PROBLEM: All lines from the one containing "real N) * f" to the end of the entries below should be output exactly as they appear. No other lines should be output.

++++++++

(* Let $N \ge 3$, let $0 \le z_1 < \dots < z_N < 1$ and let $\mu = \sum_{i=1}^N N^{-1}\delta_{z_i}$ be the uniform discrete probability distribution on $[0,1]$. Then the eigenvalues of the $\mu$-Laplacian $\Delta^\mu$ are $\lambda_l = -2N^2 + 2N^2\cos(2\pi l/N)$ for $l\in\{0,\dots,N-1\}$, with corresponding eigenfunctions $f_l \in \mathscr D^2_\mu$ given by: (1) $f_0$ is the constant function with value $1$; (2) for $0 < l < N/2$: $f_l|_{[0,z_1]\cup(z_N,1]} = 0$ and $f_l|_{(z_j,z_{j+1}]} = \operatorname{Im}\big(e^{2\pi\mathbf i\, jl/N}\big)$ for $j\in\{1,\dots,N-1\}$; (3) for $N/2 \le l \le N-1$: $f_l|_{[0,z_1]\cup(z_N,1]} = 1$ and $f_l|_{(z_j,z_{j+1}]} = \operatorname{Re}\big(e^{2\pi\mathbf i\, jl/N}\big)$ for $j\in\{1,\dots,N-1\}$.
   Context: $\delta_z$ is the Dirac measure at $z$; $\mathbf i$ is the imaginary unit. $L^2_\mu$ is the space of $\mu$-a.e. classes of real square-integrable functions on $[0,1]$ with inner product $\langle f,g\rangle_\mu = \sum_{i=1}^N \alpha_i f(z_i)g(z_i)$ (here $\alpha_i = 1/N$). $\mathscr D^1_\mu$ is the set of functions $f$ on $[0,1]$ for which there is $f' \in L^2_\mu$ with $f(0)=f(1)$ and $f(x) = f(0) + \int \mathbf 1_{[0,x)} f'\,d\mu$ for all $x\in[0,1]$ (with $[0,0)=\emptyset$); then $\nabla^\mu f := f'$, explicitly $\nabla^\mu f(z_n) = (f(z_{n+1})-f(z_n))/\alpha_n$ for $n<N$ and $\nabla^\mu f(z_N) = (f(z_1)-f(z_N))/\alpha_N$. Every class of $L^2_\mu$ has a representative in $\mathscr D^1_\mu$. The energy form is $\mathcal E(f,g) = \langle \nabla^\mu f, \nabla^\mu g\rangle_\mu$. A function $f \in \mathscr D^1_\mu$ belongs to $\mathscr D^2_\mu$ if there is $h \in L^2_\mu$ with $\mathcal E(f,g) = -\langle h, g\rangle_\mu$ for all $g\in\mathscr D^1_\mu$, and then $\Delta^\mu f := h$. *)

theory Defs
  imports "HOL-Analysis.Analysis"
begin

text \<open>Discrete uniform measure mu = sum_{i=1}^N (1/N) delta_{z i}, with atoms
  z 1 < ... < z N in [0,1).  Functions on [0,1] are represented as real => real
  (values outside [0,1] are irrelevant); an element of L^2_mu is represented by
  any function, two functions being equal in L^2_mu iff they agree at all z i.\<close>

definition mu_ip :: "nat \<Rightarrow> (nat \<Rightarrow> real) \<Rightarrow> (real \<Rightarrow> real) \<Rightarrow> (real \<Rightarrow> real) \<Rightarrow> real" where
  "mu_ip N z f g = (\<Sum>i\<in>{1..N}. (1 / real N) * f (z i) * g (z i))"

definition mu_int_below :: "nat \<Rightarrow> (nat \<Rightarrow> real) \<Rightarrow> (real \<Rightarrow> real) \<Rightarrow> real \<Rightarrow> real" where
  "mu_int_below N z g x = (\<Sum>i\<in>{1..N}. if 0 \<le> z i \<and> z i < x then (1 / real N) * g (z i) else 0)"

++++++++

WORKED SOLUTION:
  "mu_ip N z f g = (\<Sum>i\<in>{1..N}. (1 / real N) * f (z i) * g (z i))"

definition mu_int_below :: "nat \<Rightarrow> (nat \<Rightarrow> real) \<Rightarrow> (real \<Rightarrow> real) \<Rightarrow> real \<Rightarrow> real" where
  "mu_int_below N z g x = (\<Sum>i\<in>{1..N}. if 0 \<le> z i \<and> z i < x then (1 / real N) * g (z i) else 0)"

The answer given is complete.